Would love some "real" pictures of it first.


----------



## brazier (Feb 24, 2010)

Here are some photos of mine. I am not happy with Hamilton's quality control because I have two problems with mine. The first one is that the sides of the strap are flaking off after the first time I wore it. The other one I leave to you to spot. It took me over two weeks before I noticed it.


----------



## fastpace (Mar 28, 2010)

brazier said:


> Here are some photos of mine. I am not happy with Hamilton's quality control because I have two problems with mine. The first one is that the sides of the strap are flaking off after the first time I wore it. The other one I leave to you to spot. It took me over two weeks before I noticed it.

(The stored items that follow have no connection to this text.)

definition xi_filter :: "nat \<Rightarrow> nat set \<Rightarrow> bool" where
  "xi_filter n F \<longleftrightarrow> F \<subseteq> {1..n} \<and>
     (\<forall>x\<in>F. \<forall>y\<in>{1..n}. xi_le n x y \<longrightarrow> y \<in> F)"

definition omega_vertices :: "nat \<Rightarrow> nat set set" where
  "omega_vertices n = {F. xi_filter n F}"

definition omega_adj :: "nat set \<Rightarrow> nat set \<Rightarrow> bool" where
  "omega_adj A B \<longleftrightarrow> (\<exists>x\<in>A. B = A - {x}) \<or> (\<exists>x\<in>B. A = B - {x})"

definition hypercube_adj :: "nat set \<Rightarrow> nat set \<Rightarrow> bool" where
  "hypercube_adj a b \<longleftrightarrow> card ((a - b) \<union> (b - a)) = 1"

definition q_count :: "nat \<Rightarrow> nat \<Rightarrow> nat" where
  "q_count n k = card {S. S \<subseteq> omega_vertices n \<and>
     (\<exists>f. bij_betw f (Pow {..<k}) S \<and>
          (\<forall>a\<in>Pow {..<k}. \<forall>b\<in>Pow {..<k}. omega_adj (f a) (f b) \<longleftrightarrow> hypercube_adj a b))}"

end

theory Submission
  imports Defs
begin

text \<open>
  A vertex of Omega_n is a set of indices, and two vertices are adjacent iff their symmetric
  difference is a singleton. In this graph two vertices at distance two have exactly two common
  neighbours, which forces every induced copy of Q_k to be a sub-cube B \<union> T, T \<subseteq> E.
  Since filters are closed under union, such a sub-cube lies in Omega_n iff every element of E
  can be added to B on its own. Hence q_{n,k} is the sum over all filters B of
  (d(B) choose k), where d(B) is the up-degree of B in Omega_n.

  Appending x_{n+1} above or below x_n changes the filters and their up-degrees in a controlled
  way; two such steps give, for N \<ge> 4, the sum over Omega_N of g(d(B)) as the sum over
  Omega_{N-1} of g(d(B)) plus the sum over Omega_{N-2} of g(d(B) + 1). For g = (- choose k)
  Pascal's rule turns this into q_{N,k} = q_{N-1,k} + q_{N-2,k} + q_{N-2,k-1}, and the closed
  forms follow by induction from the values at N = 2 and N = 3.
\<close>

section \<open>Induced hypercubes in the symmetric-difference graph\<close>

lemma sym_diff_cancel_left: "sym_diff X (sym_diff X Y) = Y"
  by blast

lemma sym_diff_Un_disjoint: "A \<inter> B = {} \<Longrightarrow> sym_diff X (A \<union> B) = sym_diff (sym_diff X A) B"
  by auto

lemma sym_diff_eq_singleton_Diff: "sym_diff A B = {x} \<Longrightarrow> x \<in> A \<Longrightarrow> B = A - {x}"
  by blast

lemma sym_diff_Un_image:
  assumes "inj_on g A" "a \<subseteq> A" "b \<subseteq> A" "B \<inter> g ` A = {}"
  shows "sym_diff (B \<union> g ` a) (B \<union> g ` b) = g ` sym_diff a b"
proof -
  have "g ` (a - b) = g ` a - g ` b" "g ` (b - a) = g ` b - g ` a"
    using assms(2,3) by (auto intro!: inj_on_image_set_diff[OF assms(1)])
  moreover have "sym_diff (B \<union> g ` a) (B \<union> g ` b) = sym_diff (g ` a) (g ` b)"
    using assms(2-4) by blast
  ultimately show ?thesis
    by (simp add: image_Un)
qed

lemma common_neighbour_sym_diff:
  assumes "p \<noteq> q" "Y \<noteq> X"
    and "is_singleton (sym_diff Y (sym_diff X {p}))" "is_singleton (sym_diff Y (sym_diff X {q}))"
  shows "Y = sym_diff X {p, q}"
proof -
  obtain u v where u: "sym_diff Y (sym_diff X {p}) = {u}" and v: "sym_diff Y (sym_diff X {q}) = {v}"
    using assms(3,4) by (auto simp: is_singleton_def)
  have "sym_diff X Y \<noteq> {}"
    using assms(2) by blast
  moreover have "sym_diff X Y = sym_diff {p} {u}" "sym_diff X Y = sym_diff {q} {v}"
    using u v by blast+
  ultimately have "sym_diff X Y = {p, q}"
    using assms(1) by (auto simp: set_eq_iff)
  then show ?thesis
    by blast
qed

lemma induced_cube_atoms:
  fixes f :: "nat set \<Rightarrow> 'a set"
  assumes inj: "inj_on f (Pow {..<k})"
    and adj: "\<And>i. i < k \<Longrightarrow> is_singleton (sym_diff (f {}) (f {i}))"
  obtains e where "inj_on e {..<k}" "\<And>i. i < k \<Longrightarrow> f {i} = sym_diff (f {}) {e i}"
proof -
  obtain e where e: "\<And>i. i < k \<Longrightarrow> sym_diff (f {}) (f {i}) = {e i}"
    using adj unfolding is_singleton_def by metis
  have f_atom: "f {i} = sym_diff (f {}) {e i}" if "i < k" for i
    using sym_diff_cancel_left[of "f {}" "f {i}"] unfolding e[OF that] by (rule sym)
  have "inj_on e {..<k}"
  proof (rule inj_onI)
    fix i j assume "i \<in> {..<k}" "j \<in> {..<k}" "e i = e j"
    then have "f {i} = f {j}"
      using f_atom by simp
    then show "i = j"
      using inj \<open>i \<in> {..<k}\<close> \<open>j \<in> {..<k}\<close> by (auto dest: inj_onD)
  qed
  then show thesis
    using that f_atom by blast
qed

text \<open>
  f a is a neighbour of f (a - {i}) and f (a - {j}) other than f (a - {i, j}), so it is the
  fourth corner of the square they span.
\<close>

lemma induced_cube_face_step:
  fixes f :: "nat set \<Rightarrow> 'a set"
  assumes inj: "inj_on f (Pow {..<k})"
    and adj: "\<And>a b. a \<subseteq> {..<k} \<Longrightarrow> b \<subseteq> {..<k} \<Longrightarrow> is_singleton (sym_diff a b) \<Longrightarrow>
       is_singleton (sym_diff (f a) (f b))"
    and e_inj: "inj_on e {..<k}"
    and a: "a \<subseteq> {..<k}" "i \<in> a" "j \<in> a" "i \<noteq> j"
    and faces: "\<And>b. b \<subset> a \<Longrightarrow> f b = sym_diff X (e ` b)"
  shows "f a = sym_diff X (e ` a)"
proof -
  define a0 where "a0 = a - {i, j}"
  have a0_sub: "a0 \<union> {i} \<subset> a" "a0 \<union> {j} \<subset> a" "a0 \<subset> a" and a_eq: "a = a0 \<union> {i, j}"
    using a(2-4) unfolding a0_def by auto
  have e_ij: "e i \<noteq> e j" "e ` a0 \<inter> {e i} = {}" "e ` a0 \<inter> {e j} = {}" "e ` a0 \<inter> {e i, e j} = {}"
    using a e_inj unfolding a0_def inj_on_def by blast+
  have "f (a0 \<union> {i}) = sym_diff (f a0) {e i}" "f (a0 \<union> {j}) = sym_diff (f a0) {e j}"
    "sym_diff X (e ` a) = sym_diff (f a0) {e i, e j}"
    using faces[OF a0_sub(1)] faces[OF a0_sub(2)] faces[OF a0_sub(3)] e_ij a_eq
    by (simp_all add: image_Un sym_diff_Un_disjoint del: Un_insert_right)
  moreover have "f a \<noteq> f a0"
  proof
    assume "f a = f a0"
    then have "a = a0"
      using inj_onD[OF inj] a0_sub(3) a(1) by blast
    then show False
      using a0_sub(3) by blast
  qed
  moreover have "is_singleton (sym_diff (f a) (f (a0 \<union> {i})))" "is_singleton (sym_diff (f a) (f (a0 \<union> {j})))"
  proof -
    have "sym_diff a (a0 \<union> {i}) = {j}" "sym_diff a (a0 \<union> {j}) = {i}"
      using a(2-4) unfolding a0_def by auto
    moreover have "a0 \<union> {i} \<subseteq> {..<k}" "a0 \<union> {j} \<subseteq> {..<k}"
      using a0_sub a(1) by auto
    ultimately show "is_singleton (sym_diff (f a) (f (a0 \<union> {i})))" "is_singleton (sym_diff (f a) (f (a0 \<union> {j})))"
      using adj[OF a(1)] by simp_all
  qed
  ultimately show ?thesis
    using common_neighbour_sym_diff[OF e_ij(1)] by metis
qed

Wow I don't know how long it would have taken me to see the two 55s if you didn't mention it. Have you talked with Hamilton about the problems? If you have the paperwork I'm sure they will be willing to work with you.


----------



## johnchoe (Jul 1, 2009)

Wow, that's unbelievable!


----------



## JarrodS (Feb 11, 2010)

I am speechless. How is that possible?


----------



## Shademantis (Feb 11, 2009)

WTF?!?! Where did you buy it, if you don't mind me asking? Could you also take a close up photo of the caseback?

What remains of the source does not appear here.